# FGMO update



## Guest (Jan 25, 2000)

I have just returned from visiting my family in Spain, hence I apoligize for not replying to the questions posted to me about my last FGMO report. I would like to reply through this forum (as in contrast to answering individually) in am effort to ease my task.
FGMO specifications:
I have utilized Penreco's Drakeol 35 USP, food grade mineral oil from the onset of my trials. I have heard of other investigators who have failed to duplicate my work when using mineral oil with high viscosity. 
Application of FGMO by two methods simultaneously: 
Application of FGMO in the form of "fog"
or mist is intended for removal of the adult mite population feeding on adult bees,and, to eliminate adult mites before these migrate to the larval cells to breed.
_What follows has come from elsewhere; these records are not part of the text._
(* Let $V$ be a finite-dimensional vector space with a direct sum decomposition $V=V(1)\oplus\cdots\oplus V(l)$ and a flag of subspaces $V=\mathcal F^0V\supseteq\mathcal F^1V\supseteq\cdots\supseteq\mathcal F^mV=\{0\}$, $l,m\ge1$. Let $n=\dim V$ and for $1\le i\le n$ let $f(i)=\max\{k\ge0: i\le\dim\mathcal F^kV\}$. Then there exist bases $(x_i)_{1\le i\le n}$ and $(b_i)_{1\le i\le n}$ of $V$ and an upper triangular matrix $S=(s_{ij})\in k^{n\times n}$ with all diagonal entries $1$ such that: (1) for each $i$ there is $1\le g(i)\le l$ with $x_i\in V(g(i))$; (2) for each $0\le k\le m-1$, the vectors $b_i$ with $1\le i\le\dim\mathcal F^kV$ form a basis of $\mathcal F^kV$; (3) for all $1\le i\le n$, $b_i=x_i+\sum_{j>i}s_{ij}x_j=x_i+\sum_{j:\,f(j)<f(i),\,g(j)\ne g(i)}s_{ij}x_j$.
   Context: $k$ denotes the ground field. *)

theory Defs
  imports Main "HOL.Vector_Spaces"
begin

definition indexed_basis ::
  "('k::field \<Rightarrow> 'v::ab_group_add \<Rightarrow> 'v) \<Rightarrow> (nat \<Rightarrow> 'v) \<Rightarrow> nat set \<Rightarrow> 'v set \<Rightarrow> bool" where
  "indexed_basis scale x I W \<longleftrightarrow>
     inj_on x I \<and> \<not> module.dependent scale (x ` I) \<and> module.span scale (x ` I) = W"

definition internal_direct_sum ::
  "('k::field \<Rightarrow> 'v::ab_group_add \<Rightarrow> 'v) \<Rightarrow> nat \<Rightarrow> (nat \<Rightarrow> 'v set) \<Rightarrow> bool" where
  "internal_direct_sum scale l Vs \<longleftrightarrow>
     (\<forall>i\<in>{1..l}. module.subspace scale (Vs i)) \<and>
     (\<forall>v. \<exists>u. (\<forall>i\<in>{1..l}. u i \<in> Vs i) \<and> v = (\<Sum>i=1..l. u i)) \<and>
     (\<forall>u. (\<forall>i\<in>{1..l}. u i \<in> Vs i) \<and> (\<Sum>i=1..l. u i) = 0 \<longrightarrow> (\<forall>i\<in>{1..l}. u i = 0))"

definition is_flag ::
  "('k::field \<Rightarrow> 'v::ab_group_add \<Rightarrow> 'v) \<Rightarrow> nat \<Rightarrow> (nat \<Rightarrow> 'v set) \<Rightarrow> bool" where
  "is_flag scale m F \<longleftrightarrow>
     (\<forall>k\<le>m. module.subspace scale (F k)) \<and> F 0 = UNIV \<and> F m = {0} \<and>
     (\<forall>k<m. F (Suc k) \<subseteq> F k)"

definition flag_level ::
  "('k::field \<Rightarrow> 'v::ab_group_add \<Rightarrow> 'v) \<Rightarrow> nat \<Rightarrow> (nat \<Rightarrow> 'v set) \<Rightarrow> nat \<Rightarrow> nat" where
  "flag_level scale m F i = Max {k. k \<le> m \<and> i \<le> vector_space.dim scale (F k)}"

end

theory Submission
  imports Defs
begin

text \<open>
  The bases are built by descending the flag. Suppose that for the indices \<open>j > dim F\<^sup>k V\<close>
  homogeneous vectors \<open>x\<^sub>j\<close> spanning a complement of \<open>F\<^sup>k V\<close> have been chosen. A basis of
  \<open>F\<^sup>k\<^sup>+\<^sup>1 V\<close> together with these \<open>x\<^sub>j\<close> extends to a basis of \<open>V\<close> by homogeneous vectors
  \<open>y \<in> V(c)\<close>. Write \<open>y = a + w\<close> with \<open>a \<in> F\<^sup>k V\<close> and \<open>w\<close> in the span of the \<open>x\<^sub>j\<close>, and remove
  from \<open>y\<close> the part of \<open>w\<close> spanned by those \<open>x\<^sub>j\<close> lying in \<open>V(c)\<close>. The corrected vector \<open>x\<close>
  is still homogeneous and congruent to \<open>y\<close> modulo the earlier \<open>x\<^sub>j\<close>, so the enlarged family
  spans a complement of \<open>F\<^sup>k\<^sup>+\<^sup>1 V\<close>, while \<open>b := a\<close> differs from \<open>x\<close> only by earlier
  \<open>x\<^sub>j\<close> from other summands. At the bottom of the flag the \<open>x\<^sub>j\<close> form a homogeneous basis,
  and \<open>b\<close> is obtained from it by a unitriangular matrix.
\<close>

lemma le_Max_threshold_iff:
  fixes d :: "nat \<Rightarrow> nat"
  assumes antimono: "\<And>a c. a \<le> c \<Longrightarrow> c \<le> m \<Longrightarrow> d c \<le> d a" and "i \<le> d 0" "k \<le> m"
  shows "k \<le> Max {k. k \<le> m \<and> i \<le> d k} \<longleftrightarrow> i \<le> d k"
proof -
  let ?S = "{k. k \<le> m \<and> i \<le> d k}"
  have fin: "finite ?S"
    by (rule finite_subset[of _ "{..m}"]) auto
  moreover have "0 \<in> ?S"
    using assms(2) by simp
  ultimately have max: "Max ?S \<in> ?S"
    using Max_in by blast
  show ?thesis
  proof
    assume "k \<le> Max ?S"
    then show "i \<le> d k"
      using antimono[of k "Max ?S"] max by auto
  qed (use fin assms(3) in auto)
qed

context module
begin

definition complement_basis :: "'b set \<Rightarrow> 'b set \<Rightarrow> bool" where
  "complement_basis U X \<longleftrightarrow>
     independent X \<and> U \<inter> span X \<subseteq> {0} \<and> (\<forall>v. \<exists>u\<in>U. \<exists>w\<in>span X. v = u + w)"

lemma complement_basis_lift:
  assumes "complement_basis U (x ` J)" "subspace W" "v \<in> W" "x ` {j\<in>J. g j = c} \<subseteq> W"
  obtains z a where "z \<in> W" "a \<in> U" "a - z \<in> span (x ` {j\<in>J. g j \<noteq> c})"
    "v - z \<in> span (x ` J)"
proof -
  obtain a w where a: "a \<in> U" "w \<in> span (x ` J)" "v = a + w"
    using assms(1) unfolding complement_basis_def by metis
  have "x ` J = x ` {j\<in>J. g j = c} \<union> x ` {j\<in>J. g j \<noteq> c}"
    by auto
  then obtain s t where st: "w = s + t" "s \<in> span (x ` {j\<in>J. g j = c})"
      "t \<in> span (x ` {j\<in>J. g j \<noteq> c})"
    using a(2) span_Un by auto
  have "s \<in> W"
    using span_minimal[OF assms(4,2)] st(2) by auto
  moreover have "s \<in> span (x ` J)"
    using span_mono[of "x ` {j\<in>J. g j = c}" "x ` J"] st(2) by auto
  moreover have "a - (v - s) = - t"
    using a(3) st(1) by (simp add: algebra_simps)
  ultimately show thesis
    using that[of "v - s" a] subspace_diff[OF assms(2,3)] a(1) st(3) span_neg by auto
qed

lemma unitriangular_coefficients:
  fixes x b :: "nat \<Rightarrow> 'b" and n :: nat
  assumes x: "inj_on x {1..n}"
    and b: "\<forall>i\<in>{1..n}. K i \<subseteq> {i<..n} \<and> b i - x i \<in> span (x ` K i)"
  obtains S where "\<forall>i\<in>{1..n}. \<forall>j\<in>{1..n}. j < i \<longrightarrow> S i j = 0" "\<forall>i\<in>{1..n}. S i i = 1"
    "\<forall>i\<in>{1..n}. b i = x i + (\<Sum>j\<in>{i<..n}. S i j *s x j) \<and> b i = x i + (\<Sum>j\<in>K i. S i j *s x j)"
proof -
  have "\<forall>i\<in>{1..n}. \<exists>c. b i - x i = (\<Sum>j\<in>K i. c j *s x j)"
  proof
    fix i assume i: "i \<in> {1..n}"
    have "K i \<subseteq> {i<..n}"
      using b i by blast
    moreover have "{i<..n} \<subseteq> {1..n}"
      using i by auto
    ultimately have K: "finite (K i)" "inj_on x (K i)"
      using finite_subset inj_on_subset[OF x] by blast+
    have "b i - x i \<in> range (\<lambda>u. \<Sum>v\<in>x ` K i. u v *s v)"
      using b i span_finite[OF finite_imageI[OF K(1), of x]] by blast
    then obtain u where "b i - x i = (\<Sum>v\<in>x ` K i. u v *s v)"
      by blast
    then show "\<exists>c. b i - x i = (\<Sum>j\<in>K i. c j *s x j)"
      using sum.reindex[OF K(2), of "\<lambda>v. u v *s v"] by auto
  qed
  then obtain C where C: "\<forall>i\<in>{1..n}. b i - x i = (\<Sum>j\<in>K i. C i j *s x j)"
    by metis
  define S where "S i j = (if j = i then 1 else if j \<in> K i then C i j else 0)" for i j
  have "(\<Sum>j\<in>{i<..n}. S i j *s x j) = (\<Sum>j\<in>K i. S i j *s x j)" if "i \<in> {1..n}" for i
    by (rule sum.mono_neutral_right) (use that b in \<open>auto simp: S_def\<close>)
  moreover have "(\<Sum>j\<in>K i. S i j *s x j) = (\<Sum>j\<in>K i. C i j *s x j)" if "i \<in> {1..n}" for i
  proof (rule sum.cong)
    show "S i j *s x j = C i j *s x j" if "j \<in> K i" for j
      using b \<open>i \<in> {1..n}\<close> that by (fastforce simp: S_def)
  qed simp
  ultimately have sums: "\<forall>i\<in>{1..n}. b i = x i + (\<Sum>j\<in>{i<..n}. S i j *s x j) \<and>
      b i = x i + (\<Sum>j\<in>K i. S i j *s x j)"
    using C by (simp add: algebra_simps)
  have lower: "\<forall>i\<in>{1..n}. \<forall>j\<in>{1..n}. j < i \<longrightarrow> S i j = 0"
  proof (intro ballI impI)
    fix i j assume "i \<in> {1..n}" "j < i"
    then have "j \<notin> K i"
      using b by fastforce
    then show "S i j = 0"
      using \<open>j < i\<close> by (simp add: S_def)
  qed
  have "\<forall>i\<in>{1..n}. S i i = 1"
    by (simp add: S_def)
  then show thesis
    by (rule that[OF lower _ sums])
qed

end

context vector_space
begin

lemma finite_dimensional_vector_space_exists:
  assumes "finite B0" "span B0 = UNIV"
  obtains B where "finite_dimensional_vector_space scale B"
proof -
  obtain B where B: "B \<subseteq> B0" "independent B" "B0 \<subseteq> span B"
    by (rule maximal_independent_subset[of B0])
  have "span B = UNIV"
    using span_minimal[OF B(3)] assms(2) by auto
  then have "finite_dimensional_vector_space scale B"
    using B assms(1) finite_subset by unfold_locales auto
  then show thesis
    by (rule that)
qed

lemma span_internal_direct_sum:
  assumes "internal_direct_sum scale l Vs"
  shows "span (\<Union>c\<in>{1..l}. Vs c) = UNIV"
proof -
  have "v \<in> span (\<Union>c\<in>{1..l}. Vs c)" for v
  proof -
    obtain u where u: "\<forall>c\<in>{1..l}. u c \<in> Vs c" "v = (\<Sum>c=1..l. u c)"
      using assms unfolding internal_direct_sum_def by metis
    show ?thesis
      unfolding u(2) using u(1) by (intro span_sum span_base) blast
  qed
  then show ?thesis
    by auto
qed

end

context finite_dimensional_vector_space
begin

lemma dim_Un_add_dim_span_Int: "dim (A \<union> B) + dim (span A \<inter> span B) = dim A + dim B"
  using dim_sums_Int[of "span A" "span B"] by (simp add: span_Un[symmetric])

lemma independent_Un:
  assumes "independent A" "independent B" "span A \<inter> span B \<subseteq> {0}"
  shows "independent (A \<union> B)"
proof (rule card_le_dim_spanning[of "A \<union> B" "A \<union> B"])
  have "dim (span A \<inter> span B) = 0"
    using assms(3) by simp
  then have "dim (A \<union> B) = card A + card B"
    using dim_Un_add_dim_span_Int[of A B] assms by (simp add: dim_eq_card_independent del: dim_eq_0)
  then show "card (A \<union> B) \<le> dim (A \<union> B)"
    using card_Un_le[of A B] by simp
qed (use assms finiteI_independent in \<open>auto simp: span_superset\<close>)

lemma span_Int_subset_0_if_independent_Un:
  assumes "independent (A \<union> B)" "A \<inter> B = {}"
  shows "span A \<inter> span B \<subseteq> {0}"
proof -
  have A: "independent A" "finite A" and B: "independent B" "finite B"
    using assms(1) independent_mono finiteI_independent by blast+
  have "dim (A \<union> B) = dim A + dim B"
    using card_Un_disjoint[OF A(2) B(2) assms(2)] assms(1) A B by (simp add: dim_eq_card_independent)
  then show ?thesis
    using dim_Un_add_dim_span_Int[of A B] by simp
qed

lemma dim_add_card_complement_basis:
  assumes "subspace U" "complement_basis U X"
  shows "dim U + card X = dim (UNIV :: 'b set)"
proof -
  have "{u + w |u w. u \<in> U \<and> w \<in> span X} = UNIV" "dim (U \<inter> span X) = 0"
    using assms(2) unfolding complement_basis_def by fastforce+
  then show ?thesis
    using dim_sums_Int[OF assms(1) subspace_span[of X]] assms(2)
    by (simp add: complement_basis_def dim_eq_card_independent del: dim_eq_0)
qed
Application of FGMO/sugar emulsion is intended for removal of mites as these emerge from the larvae and begin to feed on the bee population. This combination has proven to be the most desirable application tried during the past four plus years of trails with FGMO as evidenced by capped cell mite counts.
Composition of FGMO/sugar emulsion:
The use of FGMO/sugar emulsion has been my idea from the onset of trials in different forms of application. The manufacturing pro- cess has been developed by Penreco and I do not feel at liberty to reveal it. I would like to suggest that persons interested about this aspect should contact Mr. Edward Casserly at 
Edward [email protected] 
Persons interested in obtaining FGMO (Drakeol 35) should contact Mr. Tom Rozic at 1-800-245-3952. I have another phone number for a Mr. Johnson, a distributor in the mid west, but I do not have his phone number on hand at the moment. I will attempt to obtain the names and phone numbers of other distributorships. 
Death of colonies.
As I reported in earlier releases, un- treated (control) colonies have died within the same year. Some treated colonies have died or absconded (due to stress). Treated colonies that have died were developed from swarms (all heavily infested by mites) that did not have time to develop. Perhaps, weak swarms might have survived if mixed with other swarms or package bees. However, swarms are rare these days and just not available for this purpose. More importantly, I oppose mixing swarms or colonies known to be in- fested by mites as a measure for prevention of development of mites with hybrid vigor. Mites cause enough harm as it is without giving them added strength. 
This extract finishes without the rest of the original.